Durchführungsbeschluss (EU) 2026/457 der Kommission vom 27. Februar 2026 über die Zulassung des Inverkehrbringens von aus der genetisch veränderten Zuckerrübensorte KWS20-1 gewonnenen Lebensmitteln, Lebensmittelzutaten und Futtermitteln gemäß der Verordnung (EG) Nr. 1829/2003 des Europäischen Parlaments und des Rates

(Bekannt gegeben unter Aktenzeichen C(2026) 1262)
(Nur der niederländische und der deutsche Text sind verbindlich)
(Text von Bedeutung für den EWR)

(ABl. L 2026/457 vom 03.03.2026)



Ergänzende Informationen
Liste über die Zulassung/Erneuerung des Inverkehrbringens von ...

Die Europäische Kommission -

gestützt auf den Vertrag über die Arbeitsweise der Europäischen Union,

gestützt auf die Verordnung (EG) Nr. 1829/2003 des Europäischen Parlaments und des Rates vom 22. September 2003 über genetisch veränderte Lebensmittel und Futtermittel 1, insbesondere auf Artikel 7 Absatz 3 und Artikel 19 Absatz 3,

in Erwägung nachstehender Gründe:

(1) Am 30. Mai 2023 stellten Bayer Agriculture B.V. mit Sitz in Belgien im Namen von Bayer CropScience LP mit Sitz in den Vereinigten Staaten und KWS SAAT SE & Co. KGaa mit Sitz in Deutschland (im Folgenden "Antragsteller") bei der zuständigen niederländischen Behörde gemäß den Artikeln 5 und 17 der Verordnung (EG) Nr. 1829/2003 einen Antrag auf das Inverkehrbringen von aus der genetisch veränderten Zuckerrübensorte KWS20-1 gewonnenen Lebensmitteln, Lebensmittelzutaten und Futtermitteln (im Folgenden "Antrag").
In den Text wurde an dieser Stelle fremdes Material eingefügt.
lemma E_le:
  assumes "0 \<le> s" "s \<le> T"
  shows "E s \<le> 2 * real CARD('n) * exp (2 * \<Gamma> s)"
proof -
  have "E s \<le> E 0 * exp ((\<lambda>t. 2 * \<Gamma> t) s - (\<lambda>t. 2 * \<Gamma> t) 0)"
  proof (rule differential_gronwall[OF assms(1) E_has_derivative])
    fix t
    assume t: "0 \<le> t" "t \<le> s"
    show "((\<lambda>t. 2 * \<Gamma> t) has_real_derivative 2 * g t) (at t within {0..})"
      using \<Gamma>_has_derivative[of t] t assms by (auto intro!: derivative_eq_intros)
    have "2 * (Y t \<bullet> (G t ** Y t)) - 2 * (Z t \<bullet> (G t ** Z t)) \<le> 2 * norm (G t) * E t"
      by (rule E_deriv_le)
    also have "\<dots> \<le> 2 * g t * E t"
      using norm_G_le_g[of t] t assms E_nonneg[of t] by (intro mult_right_mono) auto
    finally show "2 * (Y t \<bullet> (G t ** Y t)) - 2 * (Z t \<bullet> (G t ** Z t)) \<le> 2 * g t * E t" .
  qed
  then show ?thesis
    by (simp add: E_0 \<Gamma>_0)
qed

lemma norm_Q_sq_le:
  assumes "0 \<le> t" "t \<le> T"
  shows "(norm (Q t))\<^sup>2 \<le> 2 * real CARD('n) * (exp (2 * \<Gamma> t) - 1)"
  using E_le[OF assms] norm_Q_sq[OF assms(1)] by (simp add: algebra_simps)

lemma offsupport_N_le:
  assumes "(i, j) \<notin> \<Omega>" "(j, i) \<notin> \<Omega>"
  shows "\<bar>N T $ i $ j\<bar> \<le> 4 * real CARD('n) * (exp (2 * \<Gamma> T) - 1) * \<Gamma> T"
proof -
  define C where "C = 4 * real CARD('n) * (exp (2 * \<Gamma> T) - 1)"
  have "\<bar>(\<lambda>t. N t $ i $ j) T - (\<lambda>t. N t $ i $ j) 0\<bar> \<le> (\<lambda>t. C * \<Gamma> t) T - (\<lambda>t. C * \<Gamma> t) 0"
  proof (rule DERIV_abs_le_imp_abs_diff_le[OF T_nonneg])
    fix t
    assume t: "0 \<le> t" "t \<le> T"
    show "((\<lambda>t. N t $ i $ j) has_real_derivative (- (M t ** G t + G t ** M t)) $ i $ j)
        (at t within {0..})"
      unfolding has_real_derivative_iff_has_vector_derivative
      by (rule bounded_linear.has_vector_derivative[OF bounded_linear_matrix_nth N_has_derivative[OF t(1)]])
    show "((\<lambda>t. C * \<Gamma> t) has_real_derivative C * g t) (at t within {0..})"
      using \<Gamma>_has_derivative[OF t] by (auto intro!: derivative_eq_intros)
    have "(norm (Q t))\<^sup>2 \<le> 2 * real CARD('n) * (exp (2 * \<Gamma> t) - 1)"
      by (rule norm_Q_sq_le[OF t])
    also have "\<dots> \<le> 2 * real CARD('n) * (exp (2 * \<Gamma> T) - 1)"
      using \<Gamma>_mono[OF t order_refl] by (intro mult_left_mono diff_right_mono) auto
    finally have Q_le: "(norm (Q t))\<^sup>2 \<le> 2 * real CARD('n) * (exp (2 * \<Gamma> T) - 1)" .
    have "0 \<le> g t"
      using norm_G_le_g[OF t] norm_ge_zero[of "G t"] by linarith
    then have "2 * norm (G t) * (norm (Q t))\<^sup>2 \<le> 2 * g t * (2 * real CARD('n) * (exp (2 * \<Gamma> T) - 1))"
      using norm_G_le_g[OF t] Q_le by (intro mult_mono) auto
    then show "\<bar>(- (M t ** G t + G t ** M t)) $ i $ j\<bar> \<le> C * g t"
      using offsupport_anticommutator_le[OF t(1) assms] by (simp add: C_def algebra_simps)
  qed
  then show ?thesis
    by (simp add: N_0 \<Gamma>_0 C_def)
qed

end

section \<open>Behaviour at the stopping time\<close>

definition "stopping_time c = (1 - c) / lam * ln \<alpha>"

definition "norm_G_majorant T s = sqrt 8 / nobs * sqrt K * (exp (- \<rho> T * s) + lam / \<rho> T)"
(* The coefficient of q1 in r0 is at most 1 because of r1, and at least 1 because it equals
   one plus the coefficient of q0. *)
lemma cone_pair_swap_eq:
  fixes q0 q1 q2 q3 :: "'a::real_vector"
  assumes "independent {q0, q1, q2, q3}" "distinct [q0, q1, q2, q3]"
    and "r0 \<in> cone4 q0 q1 q2 q3" "r1 \<in> cone4 q0 q1 q2 q3"
    and "r0 + r1 = q0 + q1"
    and "q0 + r0 \<in> span {q0 + q1, q2 + q3}"
  shows "r0 = q1"
proof -
  obtain a0 a1 a2 a3 b0 b1 b2 b3 where
    r0: "r0 = a0 *\<^sub>R q0 + a1 *\<^sub>R q1 + a2 *\<^sub>R q2 + a3 *\<^sub>R q3" "a0 \<ge> 0" "a2 \<ge> 0" "a3 \<ge> 0"
    and r1: "r1 = b0 *\<^sub>R q0 + b1 *\<^sub>R q1 + b2 *\<^sub>R q2 + b3 *\<^sub>R q3" "b1 \<ge> 0" "b2 \<ge> 0" "b3 \<ge> 0"
    using assms(3,4) unfolding cone4_def by blast
  have coeffs: "(a0 + b0 - 1) *\<^sub>R q0 + (a1 + b1 - 1) *\<^sub>R q1 + (a2 + b2) *\<^sub>R q2 + (a3 + b3) *\<^sub>R q3 = 0"
    using r0(1) r1(1) assms(5) by (simp add: algebra_simps)
  then have sum: "a1 + b1 = 1" "a2 = 0" "a3 = 0"
    using independent4_coeffs[OF assms(1,2) coeffs] r0 r1 by auto
  obtain k t where "q0 + r0 = k *\<^sub>R (q0 + q1) + t *\<^sub>R (q2 + q3)"
    using assms(6) by (auto simp: span_breakdown_eq span_singleton algebra_simps)
  then have coeffs': "(1 + a0 - k) *\<^sub>R q0 + (a1 - k) *\<^sub>R q1 + (a2 - t) *\<^sub>R q2 + (a3 - t) *\<^sub>R q3 = 0"
    using r0(1) by (simp add: algebra_simps)
  then have "a1 = 1 + a0"
    using independent4_coeffs[OF assms(1,2) coeffs'] by auto
  then have "a0 = 0" "a1 = 1"
    using sum r0(2) r1(2) by auto
  then show ?thesis
    using r0(1) sum by simp
qed

lemma Z2_symmetric_inner_eqs:
  assumes "sph_tetra_vertices p" and "Z2_symmetric p"
  shows "p 0 \<bullet> p 2 = p 1 \<bullet> p 3 \<and> p 0 \<bullet> p 3 = p 1 \<bullet> p 2"
proof -
  note indep = sph_tetra_vertices_basis(1,2)[OF assms(1)]
  obtain R where lin: "linear R"
    and id_on: "\<And>x. x \<in> span {p 0 + p 1, p 2 + p 3} \<Longrightarrow> R x = x"
    and neg: "\<And>x. (\<forall>y\<in>span {p 0 + p 1, p 2 + p 3}. x \<bullet> y = 0) \<Longrightarrow> R x = - x"
    and img: "R ` sph_tetra p = sph_tetra p"
    using assms(2) unfolding Z2_symmetric_def by blast
  note reflection = reflection_through_span[OF lin id_on neg]
  have cone: "R (p i) \<in> cone4 (p 0) (p 1) (p 2) (p 3)" if "i < 4" for i
    using vertex_in_sph_tetra[OF assms(1) that] img sph_tetra_subset_cone4 by blast
  have sum01: "R (p 0) + R (p 1) = p 0 + p 1" and sum23: "R (p 2) + R (p 3) = p 2 + p 3"
    using id_on[of "p 0 + p 1"] id_on[of "p 2 + p 3"]
    by (simp_all add: linear_add[OF lin] span_base)
  have R01: "R (p 0) = p 1"
    using cone_pair_swap_eq[OF indep cone cone sum01 reflection(1)] by simp
  have R23: "R (p 2) = p 3"
  proof (rule cone_pair_swap_eq)
    have "{p 2, p 3, p 0, p 1} = {p 0, p 1, p 2, p 3}"
      by auto
    then show "independent {p 2, p 3, p 0, p 1}" "distinct [p 2, p 3, p 0, p 1]"
      using indep by auto
    show "R (p 2) \<in> cone4 (p 2) (p 3) (p 0) (p 1)" "R (p 3) \<in> cone4 (p 2) (p 3) (p 0) (p 1)"
      using cone[of 2] cone[of 3] by (simp_all only: cone4_swap_pairs)
    have "{p 2 + p 3, p 0 + p 1} = {p 0 + p 1, p 2 + p 3}"
      by auto
    then show "p 2 + R (p 2) \<in> span {p 2 + p 3, p 0 + p 1}"
      using reflection(1)[where x = "p 2"] by simp
  qed (rule sum23)
  have "R (p 1) = p 0" "R (p 3) = p 2"
    using sum01 sum23 R01 R23 by auto
  then show ?thesis
    using reflection(2)[where x = "p 0" and y = "p 2"] reflection(2)[where x = "p 0" and y = "p 3"]
      R01 R23 by simp
qed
(2) Am 12. Mai 2025 gab die Europäische Behörde für Lebensmittelsicherheit (im Folgenden "Behörde") gemäß den Artikeln 6 und 18 der Verordnung (EG) Nr. 1829/2003 eine befürwortende wissenschaftliche Stellungnahme 2 zu genetisch veränderten Zuckerrüben KWS20-1 ab. Die Behörde gelangte zu dem Schluss, dass genetisch veränderte Zuckerrüben KWS20-1 gemäß der Beschreibung im Antrag hinsichtlich möglicher Auswirkungen auf die Gesundheit von Mensch und Tier sowie auf die Umwelt genauso sicher ist wie das entsprechende herkömmliche Erzeugnis und die getesteten nicht genetisch veränderten Referenz-Zuckerrübensorten. Des Weiteren zog die Behörde den Schluss, dass der Verzehr von aus der genetisch veränderten Zuckerrübensorte KWS20-1 gewonnenen Lebensmitteln und Futtermitteln aus ernährungsphysiologischer Sicht unbedenklich ist.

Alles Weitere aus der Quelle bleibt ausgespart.